(Beginning of Supplied data)
(* Let $(\mathfrak{l},g_\rho^c)$ be as in the context, with $c\ge0$, $\rho>0$. With respect to the ordered basis $\mathcal{B}_n$: (1) If $n>1$, the mean curvature vector is $H=\frac{\mathrm{tr}(\mathrm{ad}(B_1^R))}{g_\rho^c(B_1^R,B_1^R)}B_1^R=(2n-2)\frac{\rho}{\rho+c}B_1^R$, and $$\mathrm{ad}(H)^s=(2n-2)\,\mathrm{diag}\Big(0,\tfrac{2\rho^2+4c\rho+c^2}{(\rho+c)(\rho+2c)},\tfrac{\rho}{\rho+c}\mathbb{1}_{2n-4},\mathcal{S}_4,\mathbb{O}_{2n-4},-\tfrac{c^2}{(\rho+c)(\rho+2c)}\Big)+(2n-2)\Big(-\tfrac{c}{2(\rho+c)(\rho+2c)}E_{2,4n-1}+\tfrac{2c(\rho+c)}{\rho+2c}E_{4n-1,2}\Big),$$ where $\mathcal{S}_4=\begin{pmatrix}0&0&-\frac{\rho}{\rho+2c}&0\\0&0&0&-\frac{\rho}{\rho+2c}\\-1&0&0&0\\0&-1&0&0\end{pmatrix}$. (2) If $n>1$, the symmetric endomorphism associated with the Killing form is $B=(2n+4)\frac{\rho}{\rho+c}E_{1,1}$. (3) If $n=1$, then $B=0=H$.
   Context: Fix $n\ge1$, $\rho>0$, $c\ge0$. The real Lie algebra $\mathfrak{l}$ has basis $B_a^R,B_a^I$ ($a=1,\dots,n-1$; none if $n=1$), $e_k,f_k$ ($k=0,\dots,n-1$), $Z$, ordered as $\mathcal{B}_n=(e_0,f_0,Z)$ if $n=1$ and $\mathcal{B}_n=(B_1^R,B_1^I,\dots,B_{n-1}^R,B_{n-1}^I,e_0,f_0,e_1,f_1,\dots,e_{n-1},f_{n-1},Z)$ if $n>1$. Brackets (unlisted brackets of basis elements, up to antisymmetry, are zero): $[B_1^R,B_1^I]=2B_1^I$; for $a\in\{2,\dots,n-1\}$: $[B_1^R,B_a^R]=B_a^R$, $[B_1^R,B_a^I]=B_a^I$, $[B_a^R,B_a^I]=\tfrac12B_1^I$; $[e_0,f_0]=Z$, $[e_a,f_a]=-Z$ ($a\ge1$); $[B,Z]=0$. Mixed brackets after complex-bilinear extension, $E_k:=e_k-if_k$, $[B,\bar E_k]=\overline{[B,E_k]}$ for real $B$: for $a\ge2$, $[B_1^R,E_k]=-\delta_{k0}E_1-\delta_{k1}E_0$, $[B_a^R,E_k]=-\tfrac12(\delta_{k0}+\delta_{k1})E_a-\tfrac12\delta_{ka}(E_0-E_1)$, $[B_1^I,E_k]=-i(\delta_{k0}+\delta_{k1})(E_0-E_1)$, $[B_a^I,E_k]=\tfrac{i}{2}(\delta_{k0}+\delta_{k1})E_a-\tfrac{i}{2}\delta_{ka}(E_0-E_1)$. Inner product $g=g_\rho^c$: $g(B_1^R,B_1^R)=\frac{\rho+c}{\rho}$, $g(B_1^I,B_1^I)=\frac{(\rho+c)^3}{\rho^2(\rho+2c)}$, $g(B_a^R,B_a^R)=g(B_a^I,B_a^I)=\frac{\rho+c}{4\rho}$ ($a\ge2$), $g(e_0,e_0)=g(f_0,f_0)=\frac{\rho+2c}{4\rho^2}$, $g(e_a,e_a)=g(f_a,f_a)=\frac1{4\rho}$ ($a\ge1$), $g(Z,Z)=\frac{\rho+c}{4\rho^2(\rho+2c)}$, $g(B_1^I,Z)=-\frac{c(\rho+c)}{2\rho^2(\rho+2c)}$, other distinct basis pairs orthogonal. Let $\mathfrak{a}$ be the $g$-orthogonal complement of the nilradical of $\mathfrak{l}$ (for $n>1$, $\mathfrak{a}=\mathrm{span}\{B_1^R\}$; for $n=1$, $\mathfrak{a}=0$). The mean curvature vector $H\in\mathfrak{a}$ is defined by $g(H,A)=\mathrm{tr}(\mathrm{ad}A)$ for all $A\in\mathfrak{a}$; $\mathrm{ad}(H)^s=\frac12(\mathrm{ad}H+\mathrm{ad}H^* )$ with $^*$ the $g$-adjoint; $B$ is the $g$-symmetric endomorphism with $g(BX,Y)=\mathrm{tr}(\mathrm{ad}X\circ\mathrm{ad}Y)$. $E_{i,j}$ is the matrix unit; a matrix $M$ represents $T$ if $Tv_j=\sum_iM_{ij}v_i$. *)

theory Defs
  imports Complex_Main
begin

text \<open>Vectors of l are coordinate functions nat => real with respect to the ordered
  basis B_n, indexed 1,...,4n-1 (coordinates outside this range are ignored by
  all operations below).  Matrices are functions nat => nat => real, only the
  entries with indices in 1,...,4n-1 being relevant.\<close>

datatype lb = BR nat | BI nat | Ee nat | Ff nat | Zz
  (* BR a = B_a^R, BI a = B_a^I, Ee k = e_k, Ff k = f_k, Zz = Z *)

definition labels :: "nat \<Rightarrow> lb set" where
  "labels n = {BR a | a. 1 \<le> a \<and> a \<le> n - 1} \<union> {BI a | a. 1 \<le> a \<and> a \<le> n - 1}
     \<union> {Ee k | k. k < n} \<union> {Ff k | k. k < n} \<union> {Zz}"

fun idx :: "nat \<Rightarrow> lb \<Rightarrow> nat" where
  "idx n (BR a) = 2 * a - 1"
| "idx n (BI a) = 2 * a"
| "idx n (Ee k) = 2 * (n - 1) + 2 * k + 1"
| "idx n (Ff k) = 2 * (n - 1) + 2 * k + 2"
| "idx n Zz = 4 * n - 1"

definition dimL :: "nat \<Rightarrow> nat" where "dimL n = 4 * n - 1"

definition uvec :: "nat \<Rightarrow> nat \<Rightarrow> real" where
  "uvec i = (\<lambda>j. if j = i then 1 else 0)"

definition zvec :: "nat \<Rightarrow> real" where "zvec = (\<lambda>j. 0)"

definition sc :: "real \<Rightarrow> (nat \<Rightarrow> real) \<Rightarrow> nat \<Rightarrow> real" where
  "sc t v = (\<lambda>j. t * v j)"

definition kd :: "nat \<Rightarrow> nat \<Rightarrow> complex" where
  "kd x y = (if x = y then 1 else 0)"

text \<open>Coefficient of E_{k'} in [B, E_k], where E_k = e_k - i f_k (complex-bilinear extension).\<close>
definition mixE :: "lb \<Rightarrow> nat \<Rightarrow> nat \<Rightarrow> complex" where
  "mixE B k k' = (case B of
      BR a \<Rightarrow> (if a = 1 then - (kd k 0 * kd k' 1 + kd k 1 * kd k' 0)
               else - (1/2) * (kd k 0 + kd k 1) * kd k' a - (1/2) * kd k a * (kd k' 0 - kd k' 1))
    | BI a \<Rightarrow> (if a = 1 then - \<i> * (kd k 0 + kd k 1) * (kd k' 0 - kd k' 1)
               else (\<i>/2) * (kd k 0 + kd k 1) * kd k' a - (\<i>/2) * kd k a * (kd k' 0 - kd k' 1))
    | _ \<Rightarrow> 0)"

text \<open>Real coordinates of [B, e_k] = Re [B,E_k] and [B, f_k] = - Im [B,E_k]:
  if [B,E_k] = sum_k' c_k' E_k', then [B,e_k] = sum (Re c) e_k' + (Im c) f_k'
  and [B,f_k] = sum - (Im c) e_k' + (Re c) f_k'.\<close>
definition mix_e :: "nat \<Rightarrow> lb \<Rightarrow> nat \<Rightarrow> nat \<Rightarrow> real" where
  "mix_e n B k = (\<lambda>i. \<Sum>k'<n. Re (mixE B k k') * uvec (idx n (Ee k')) i
                              + Im (mixE B k k') * uvec (idx n (Ff k')) i)"

definition mix_f :: "nat \<Rightarrow> lb \<Rightarrow> nat \<Rightarrow> nat \<Rightarrow> real" where
  "mix_f n B k = (\<lambda>i. \<Sum>k'<n. - Im (mixE B k k') * uvec (idx n (Ee k')) i
                              + Re (mixE B k k') * uvec (idx n (Ff k')) i)"

text \<open>The listed brackets [x,y] of basis elements (one orientation only).\<close>
fun bb0 :: "nat \<Rightarrow> lb \<Rightarrow> lb \<Rightarrow> nat \<Rightarrow> real" where
  "bb0 n (BR a) (BI b) =
     (if a = 1 \<and> b = 1 then sc 2 (uvec (idx n (BI 1)))
      else if a = 1 then uvec (idx n (BI b))
      else if a = b then sc (1/2) (uvec (idx n (BI 1)))
      else zvec)"
| "bb0 n (BR a) (BR b) = (if a = 1 \<and> 2 \<le> b then uvec (idx n (BR b)) else zvec)"
| "bb0 n (Ee a) (Ff b) =
     (if a = b then (if a = 0 then uvec (idx n Zz) else sc (-1) (uvec (idx n Zz))) else zvec)"
| "bb0 n (BR a) (Ee k) = mix_e n (BR a) k"
| "bb0 n (BR a) (Ff k) = mix_f n (BR a) k"
| "bb0 n (BI a) (Ee k) = mix_e n (BI a) k"
| "bb0 n (BI a) (Ff k) = mix_f n (BI a) k"
| "bb0 n _ _ = zvec"

definition bb :: "nat \<Rightarrow> lb \<Rightarrow> lb \<Rightarrow> nat \<Rightarrow> real" where
  "bb n x y = (\<lambda>i. bb0 n x y i - bb0 n y x i)"

definition brk :: "nat \<Rightarrow> (nat \<Rightarrow> real) \<Rightarrow> (nat \<Rightarrow> real) \<Rightarrow> nat \<Rightarrow> real" where
  "brk n x y = (\<lambda>i. \<Sum>l\<in>labels n. \<Sum>m\<in>labels n. x (idx n l) * y (idx n m) * bb n l m i)"

definition admat :: "nat \<Rightarrow> (nat \<Rightarrow> real) \<Rightarrow> nat \<Rightarrow> nat \<Rightarrow> real" where
  "admat n x = (\<lambda>i j. brk n x (uvec j) i)"

definition mtr :: "nat \<Rightarrow> (nat \<Rightarrow> nat \<Rightarrow> real) \<Rightarrow> real" where
  "mtr n M = (\<Sum>i=1..dimL n. M i i)"

definition mmul :: "nat \<Rightarrow> (nat \<Rightarrow> nat \<Rightarrow> real) \<Rightarrow> (nat \<Rightarrow> nat \<Rightarrow> real) \<Rightarrow> nat \<Rightarrow> nat \<Rightarrow> real" where
  "mmul n M N = (\<lambda>i j. \<Sum>k=1..dimL n. M i k * N k j)"

definition matvec :: "nat \<Rightarrow> (nat \<Rightarrow> nat \<Rightarrow> real) \<Rightarrow> (nat \<Rightarrow> real) \<Rightarrow> nat \<Rightarrow> real" where
  "matvec n M x = (\<lambda>i. \<Sum>j=1..dimL n. M i j * x j)"

definition Emat :: "nat \<Rightarrow> nat \<Rightarrow> nat \<Rightarrow> nat \<Rightarrow> real" where
  "Emat a b = (\<lambda>i j. if i = a \<and> j = b then 1 else 0)"

definition gl :: "real \<Rightarrow> real \<Rightarrow> lb \<Rightarrow> lb \<Rightarrow> real" where
  "gl \<rho> c l m =
    (if l = m then
       (case l of
          BR a \<Rightarrow> (if a = 1 then (\<rho> + c) / \<rho> else (\<rho> + c) / (4 * \<rho>))
        | BI a \<Rightarrow> (if a = 1 then (\<rho> + c) ^ 3 / (\<rho>^2 * (\<rho> + 2 * c)) else (\<rho> + c) / (4 * \<rho>))
        | Ee k \<Rightarrow> (if k = 0 then (\<rho> + 2 * c) / (4 * \<rho>^2) else 1 / (4 * \<rho>))
        | Ff k \<Rightarrow> (if k = 0 then (\<rho> + 2 * c) / (4 * \<rho>^2) else 1 / (4 * \<rho>))
        | Zz \<Rightarrow> (\<rho> + c) / (4 * \<rho>^2 * (\<rho> + 2 * c)))
     else if (l = BI 1 \<and> m = Zz) \<or> (l = Zz \<and> m = BI 1)
       then - (c * (\<rho> + c)) / (2 * \<rho>^2 * (\<rho> + 2 * c))
     else 0)"

definition gip :: "nat \<Rightarrow> real \<Rightarrow> real \<Rightarrow> (nat \<Rightarrow> real) \<Rightarrow> (nat \<Rightarrow> real) \<Rightarrow> real" where
  "gip n \<rho> c x y = (\<Sum>l\<in>labels n. \<Sum>m\<in>labels n. x (idx n l) * y (idx n m) * gl \<rho> c l m)"

text \<open>The subspace a (g-orthogonal complement of the nilradical), as given in the context:
  span{B_1^R} if n > 1 and 0 if n = 1.\<close>
definition aset :: "nat \<Rightarrow> (nat \<Rightarrow> real) set" where
  "aset n = (if 1 < n then {sc t (uvec (idx n (BR 1))) | t. True} else {zvec})"

definition is_meancurv :: "nat \<Rightarrow> real \<Rightarrow> real \<Rightarrow> (nat \<Rightarrow> real) \<Rightarrow> bool" where
  "is_meancurv n \<rho> c H \<longleftrightarrow> H \<in> aset n \<and> (\<forall>A\<in>aset n. gip n \<rho> c H A = mtr n (admat n A))"

definition S4 :: "real \<Rightarrow> real \<Rightarrow> nat \<Rightarrow> nat \<Rightarrow> real" where
  "S4 \<rho> c i j =
     (if (i, j) = (1, 3) \<or> (i, j) = (2, 4) then - \<rho> / (\<rho> + 2 * c)
      else if (i, j) = (3, 1) \<or> (i, j) = (4, 2) then -1
      else 0)"

text \<open>The block-diagonal matrix
  diag(0, (2rho^2+4c rho+c^2)/((rho+c)(rho+2c)), rho/(rho+c) 1_{2n-4}, S_4, O_{2n-4}, -c^2/((rho+c)(rho+2c))).\<close>
definition blockdiag :: "nat \<Rightarrow> real \<Rightarrow> real \<Rightarrow> nat \<Rightarrow> nat \<Rightarrow> real" where
  "blockdiag n \<rho> c i j =
     (if 2 * n - 1 \<le> i \<and> i \<le> 2 * n + 2 \<and> 2 * n - 1 \<le> j \<and> j \<le> 2 * n + 2
        then S4 \<rho> c (i - (2 * n - 2)) (j - (2 * n - 2))
      else if i \<noteq> j then 0
      else if i = 2 then (2 * \<rho>^2 + 4 * c * \<rho> + c^2) / ((\<rho> + c) * (\<rho> + 2 * c))
      else if 3 \<le> i \<and> i \<le> 2 * n - 2 then \<rho> / (\<rho> + c)
      else if i = 4 * n - 1 then - (c^2) / ((\<rho> + c) * (\<rho> + 2 * c))
      else 0)"

definition adHs_claim :: "nat \<Rightarrow> real \<Rightarrow> real \<Rightarrow> nat \<Rightarrow> nat \<Rightarrow> real" where
  "adHs_claim n \<rho> c = (\<lambda>i j.
     (2 * real n - 2) * blockdiag n \<rho> c i j
     + (2 * real n - 2) * (- c / (2 * (\<rho> + c) * (\<rho> + 2 * c)) * Emat 2 (4 * n - 1) i j
                           + 2 * c * (\<rho> + c) / (\<rho> + 2 * c) * Emat (4 * n - 1) 2 i j))"

end

theory Submission
  imports Defs
begin

text \<open>The claimed
  ad(H)^s is confirmed by checking that 2 ad(H)^s - ad(H) is the g-adjoint of ad(H), and the
  Killing form equals (2n+4) x_1 y_1 because tr(ad u o ad v) vanishes on every pair of basis
  vectors other than (B_1^R, B_1^R).  Each claim is thus a finite family of identities between
  structure constants and entries of the Gram matrix, indexed by pairs of basis vectors.  Basis
  vectors with index a >= 2 enter uniformly in a, so splitting the basis into seven low vectors
  and four families indexed by a in {2..<n} reduces every identity to finitely many rational
  identities in rho and c.\<close>

lemma mem_labels [simp]:
  "BR a \<in> labels n \<longleftrightarrow> 1 \<le> a \<and> a < n"
  "BI a \<in> labels n \<longleftrightarrow> 1 \<le> a \<and> a < n"
  "Ee k \<in> labels n \<longleftrightarrow> k < n"
  "Ff k \<in> labels n \<longleftrightarrow> k < n"
  "Zz \<in> labels n"
  by (auto simp: labels_def)

lemma labels_eq:
  "labels n = BR ` {1..n-1} \<union> BI ` {1..n-1} \<union> Ee ` {..<n} \<union> Ff ` {..<n} \<union> {Zz}"
  by (auto simp: labels_def)

lemma finite_labels [simp]: "finite (labels n)"
  by (simp add: labels_eq)

lemma sum_labels:
  "(\<Sum>l\<in>labels n. f l) = (\<Sum>a=1..n-1. f (BR a)) + (\<Sum>a=1..n-1. f (BI a))
     + (\<Sum>k<n. f (Ee k)) + (\<Sum>k<n. f (Ff k)) + f Zz"
proof -
  have d1: "(BR ` {1..n-1} \<union> BI ` {1..n-1} \<union> Ee ` {..<n} \<union> Ff ` {..<n}) \<inter> {Zz} = {}"
    and d2: "(BR ` {1..n-1} \<union> BI ` {1..n-1} \<union> Ee ` {..<n}) \<inter> Ff ` {..<n} = {}"
    and d3: "(BR ` {1..n-1} \<union> BI ` {1..n-1}) \<inter> Ee ` {..<n} = {}"
    and d4: "BR ` {1..n-1} \<inter> BI ` {1..n-1} = {}"
    by auto
  show ?thesis
    unfolding labels_eq
    by (simp only: sum.union_disjoint[OF _ _ d1] sum.union_disjoint[OF _ _ d2]
        sum.union_disjoint[OF _ _ d3] sum.union_disjoint[OF _ _ d4] finite_UnI finite_imageI
        finite_atLeastAtMost finite_lessThan finite.intros)
      (simp add: sum.reindex inj_on_def)
qed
(End of Supplied data)
◆ About this exercise ◆
Search the listing above for lines containing "respect", and copy them.

◆ Solution to this problem ◆
(* Let $(\mathfrak{l},g_\rho^c)$ be as in the context, with $c\ge0$, $\rho>0$. With respect to the ordered basis $\mathcal{B}_n$: (1) If $n>1$, the mean curvature vector is $H=\frac{\mathrm{tr}(\mathrm{ad}(B_1^R))}{g_\rho^c(B_1^R,B_1^R)}B_1^R=(2n-2)\frac{\rho}{\rho+c}B_1^R$, and $$\mathrm{ad}(H)^s=(2n-2)\,\mathrm{diag}\Big(0,\tfrac{2\rho^2+4c\rho+c^2}{(\rho+c)(\rho+2c)},\tfrac{\rho}{\rho+c}\mathbb{1}_{2n-4},\mathcal{S}_4,\mathbb{O}_{2n-4},-\tfrac{c^2}{(\rho+c)(\rho+2c)}\Big)+(2n-2)\Big(-\tfrac{c}{2(\rho+c)(\rho+2c)}E_{2,4n-1}+\tfrac{2c(\rho+c)}{\rho+2c}E_{4n-1,2}\Big),$$ where $\mathcal{S}_4=\begin{pmatrix}0&0&-\frac{\rho}{\rho+2c}&0\\0&0&0&-\frac{\rho}{\rho+2c}\\-1&0&0&0\\0&-1&0&0\end{pmatrix}$. (2) If $n>1$, the symmetric endomorphism associated with the Killing form is $B=(2n+4)\frac{\rho}{\rho+c}E_{1,1}$. (3) If $n=1$, then $B=0=H$.
text \<open>Vectors of l are coordinate functions nat => real with respect to the ordered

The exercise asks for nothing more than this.